■ **WORK TO BE COMPLETED**
What is needed is an exact copy of the entries below, from the line that contains "by (rule linked_window_ends[where s = C])" through the final line, both included, and nothing else.

━━━ MATERIAL TO PROCESS ━━━

lemma cyclic_nth_eq_iff:
  assumes "distinct xs" "xs \<noteq> []"
  shows "cyclic_nth xs y = cyclic_nth xs z \<longleftrightarrow> y mod int (length xs) = z mod int (length xs)"
  using cyclic_nth_index[OF assms(2)] assms
  by (simp add: nth_eq_iff_index_eq eq_nat_nat_iff)

lemma cycle_edge_commute: "cycle_edge xs x y = cycle_edge xs y x"
  unfolding cycle_edge_def by blast

lemma cycle_edge_cyclic_nth:
  assumes "xs \<noteq> []"
  shows "cycle_edge xs (cyclic_nth xs y) (cyclic_nth xs (y + 1))"
proof -
  let ?n = "int (length xs)" and ?k = "nat (y mod int (length xs))"
  have "int (nat ((y + 1) mod ?n)) = (y mod ?n + 1) mod ?n"
    using assms by (simp add: mod_add_left_eq)
  also have "\<dots> = int ((?k + 1) mod length xs)"
    using assms by (simp add: zmod_int add.commute)
  finally have "nat ((y + 1) mod ?n) = (?k + 1) mod length xs" by linarith
  then show ?thesis
    unfolding cycle_edge_def using cyclic_nth_index[OF assms] by metis
qed

lemma is_path_rev:
  assumes "\<And>x y. E x y = E y x" "is_path V E p t"
  shows "is_path V E (rev p) t"
  unfolding is_path_def
proof (intro conjI allI impI)
  fix k assume "k < t"
  then have "E (p ! (t - k - 1)) (p ! (t - k - 1 + 1))"
    using assms(2) unfolding is_path_def by simp
  moreover have "t - k - 1 + 1 = t - k" using \<open>k < t\<close> by simp
  ultimately show "E (rev p ! k) (rev p ! (k + 1))"
    using assms \<open>k < t\<close> unfolding is_path_def by (simp add: rev_nth)
qed (use assms(2) in \<open>auto simp: is_path_def\<close>)

locale theta_unrolling =
  fixes V :: "'a set" and E :: "'a \<Rightarrow> 'a \<Rightarrow> bool" and L C :: int and w :: "int \<Rightarrow> 'a"
  assumes chord_bounds: "2 \<le> C" "C + 2 \<le> L"
    and w_in_V: "w y \<in> V"
    and w_eq_iff: "w y = w z \<longleftrightarrow> y mod L = z mod L"
    and edge_succ: "E (w y) (w (y + 1))"
    and edge_chord: "E (w 0) (w C)"
    and edge_commute: "E u v = E v u"

lemma theta_graph_unrolling:
  assumes "theta_graph V E l"
  obtains C w where "theta_unrolling V E (int l) C w" "V \<subseteq> range w"
proof -
  obtain cyc i j where l: "l \<ge> 4" "length cyc = l" and cyc: "distinct cyc" "set cyc = V"
    and ij: "i < j" "j < l" "j \<noteq> i + 1" "\<not> (i = 0 \<and> j = l - 1)"
    and E: "\<And>x y. E x y \<longleftrightarrow> cycle_edge cyc x y \<or>
                     (x = cyc ! i \<and> y = cyc ! j) \<or> (x = cyc ! j \<and> y = cyc ! i)"
    using assms unfolding theta_graph_def by blast
  define w where "w y = cyclic_nth cyc (y + int i)" for y
  have ne: "cyc \<noteq> []" using l by auto
  have "theta_unrolling V E (int l) (int j - int i) w"
  proof
    show "2 \<le> int j - int i" "int j - int i + 2 \<le> int l" using ij by auto
    show "w y \<in> V" for y unfolding w_def using cyclic_nth_in_set[OF ne] cyc by blast
    show "w y = w z \<longleftrightarrow> y mod int l = z mod int l" for y z
      unfolding w_def using cyclic_nth_eq_iff[OF cyc(1) ne] l by (simp add: mod_eq_dvd_iff)
    show "E (w y) (w (y + 1))" for y
      unfolding E w_def using cycle_edge_cyclic_nth[OF ne, of "y + int i"] by (simp add: add_ac)
    have "w 0 = cyc ! i" "w (int j - int i) = cyc ! j"
      unfolding w_def using ij l by (simp_all add: cyclic_nth_of_nat)
    then show "E (w 0) (w (int j - int i))" unfolding E by simp
    show "E x y = E y x" for x y unfolding E using cycle_edge_commute[of cyc x y] by blast
  qed
  moreover have "V \<subseteq> range w"
  proof
    fix v assume "v \<in> V"
    then obtain k where "k < l" "v = cyc ! k" using cyc l by (metis in_set_conv_nth)
    then have "v = w (int k - int i)" unfolding w_def using l by (simp add: cyclic_nth_of_nat)
    then show "v \<in> range w" by simp
  qed
  ultimately show thesis using that by blast
qed

context theta_unrolling
begin

lemma w_add_L: "w (y + L) = w y"
  by (simp add: w_eq_iff)

lemma edge_chord_L: "E (w L) (w C)"
  using edge_chord w_add_L[of 0] by simp

lemma is_path_map_w:
  assumes "length xs = t + 1" "distinct xs" "set xs \<subseteq> {s..<s + L}"
    and "successively (\<lambda>y z. E (w y) (w z)) xs"
  shows "is_path V E (map w xs) t"
  unfolding is_path_def
proof (intro conjI allI impI)
  have "inj_on w {s..<s + L}"
    by (intro inj_onI) (auto simp: w_eq_iff intro: mod_eq_imp_eq_on_window)
  then show "distinct (map w xs)" using assms(2,3) by (simp add: distinct_map inj_on_subset)
  fix k assume "k < t"
  then show "E (map w xs ! k) (map w xs ! (k + 1))"
    using assms(1) successively_nth[OF assms(4), of k] by simp
qed (use assms(1) w_in_V in auto)

lemma linked_upto: "successively (\<lambda>y z. E (w y) (w z)) [a..b]"
proof -
  have "successively (\<lambda>y z. z = y + 1) [a..b]" by (simp add: successively_conv_nth)
  then show ?thesis by (rule successively_mono) (auto simp: edge_succ)
qed

lemma linked_rev_upto: "successively (\<lambda>y z. E (w y) (w z)) (rev [a..b])"
  using linked_upto by (simp add: edge_commute)

end

locale theta_unrolling_closed = theta_unrolling +
  fixes A :: "'a set" and t :: nat
  assumes path_closed: "is_path V E p t \<Longrightarrow> hd p \<in> A \<Longrightarrow> last p \<in> A"
begin

lemma hd_in_iff_last_in:
  assumes "is_path V E p t"
  shows "hd p \<in> A \<longleftrightarrow> last p \<in> A"
proof -
  have "p \<noteq> []" using assms by (auto simp: is_path_def)
  then show ?thesis
    using path_closed[OF assms] path_closed[OF is_path_rev[OF edge_commute assms]]
    by (auto simp: hd_rev last_rev)
qed

lemma linked_window_ends:
  assumes "length xs = t + 1" "distinct xs" "set xs \<subseteq> {s..<s + L}"
    and "successively (\<lambda>y z. E (w y) (w z)) xs"
  shows "w (last xs) \<in> A \<longleftrightarrow> w (hd xs) \<in> A"
proof -
  have "xs \<noteq> []" using assms(1) by auto
  then show ?thesis using hd_in_iff_last_in[OF is_path_map_w[OF assms]]
    by (simp add: hd_map last_map)
qed

lemma is_period_t:
  assumes "int t < L"
  shows "is_period (\<lambda>y. w y \<in> A) (int t)"
  unfolding is_period_def
proof
  fix x
  have "w (last [x..x + int t]) \<in> A \<longleftrightarrow> w (hd [x..x + int t]) \<in> A"
    by (rule linked_window_ends[where s = x]) (use assms linked_upto in auto)
  then show "w (x + int t) \<in> A \<longleftrightarrow> w x \<in> A" by (simp add: hd_upto last_upto)
qed

lemma is_period_L: "is_period (\<lambda>y. w y \<in> A) L"
  by (simp add: is_period_def w_add_L)

lemmas linked_intros = linked_upto linked_rev_upto edge_chord edge_chord_L

lemma chord_path_down_up:
  assumes "0 \<le> x" "x < int t" "x < C" "C + int t - 1 - x < L"
  shows "w (C + int t - 1 - x) \<in> A \<longleftrightarrow> w x \<in> A"
proof -
  let ?xs = "rev [0..x] @ [C..C + int t - 1 - x]"
  have "w (last ?xs) \<in> A \<longleftrightarrow> w (hd ?xs) \<in> A"
    by (rule linked_window_ends[where s = 0])
      (use assms chord_bounds linked_intros in \<open>auto simp: successively_append_iff last_rev hd_upto\<close>)
  then show ?thesis using assms by (simp add: hd_rev last_upto)
qed

lemma chord_path_up_down:
  assumes "x \<le> 0" "- x < int t" "int t - 1 + x < C" "- x < L - C"
  shows "w (C - int t + 1 - x) \<in> A \<longleftrightarrow> w x \<in> A"
proof -
  let ?xs = "[x + L..L] @ rev [C - int t + 1 - x..C]"
  have "w (last ?xs) \<in> A \<longleftrightarrow> w (hd ?xs) \<in> A"
    by (rule linked_window_ends[where s = 1])
      (use assms chord_bounds linked_intros in \<open>auto simp: successively_append_iff hd_rev last_upto\<close>)
  then show ?thesis using assms by (simp add: last_rev hd_upto w_add_L)
qed

lemma chord_path_down_down:
  assumes "int t \<le> C" "0 \<le> x" "x < int t"
  shows "w (x + (C + 1 - int t)) \<in> A \<longleftrightarrow> w x \<in> A"
proof -
  let ?xs = "rev [0..x] @ rev [x + (C + 1 - int t)..C]"
  have "w (last ?xs) \<in> A \<longleftrightarrow> w (hd ?xs) \<in> A"
    by (rule linked_window_ends[where s = 0])
      (use assms chord_bounds linked_intros in \<open>auto simp: successively_append_iff last_rev hd_rev hd_upto last_upto\<close>)
  then show ?thesis using assms by (simp add: last_rev hd_rev hd_upto last_upto)
qed

lemma chord_path_up_up:
  assumes "int t + C \<le> L" "x \<le> 0" "- x < int t"
  shows "w (x + (C + int t - 1)) \<in> A \<longleftrightarrow> w x \<in> A"
proof -
  let ?xs = "[x + L..L] @ [C..x + (C + int t - 1)]"
  have "w (last ?xs) \<in> A \<longleftrightarrow> w (hd ?xs) \<in> A"
    by (rule linked_window_ends[where s = C])
      (use assms chord_bounds linked_intros in \<open>auto simp: successively_append_iff hd_upto last_upto\<close>)
  then show ?thesis using assms by (simp add: hd_upto last_upto w_add_L)
qed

━━━

■ **EXPECTED OUTPUT**
    by (rule linked_window_ends[where s = C])
      (use assms chord_bounds linked_intros in \<open>auto simp: successively_append_iff hd_upto last_upto\<close>)
  then show ?thesis using assms by (simp add: hd_upto last_upto w_add_L)
qed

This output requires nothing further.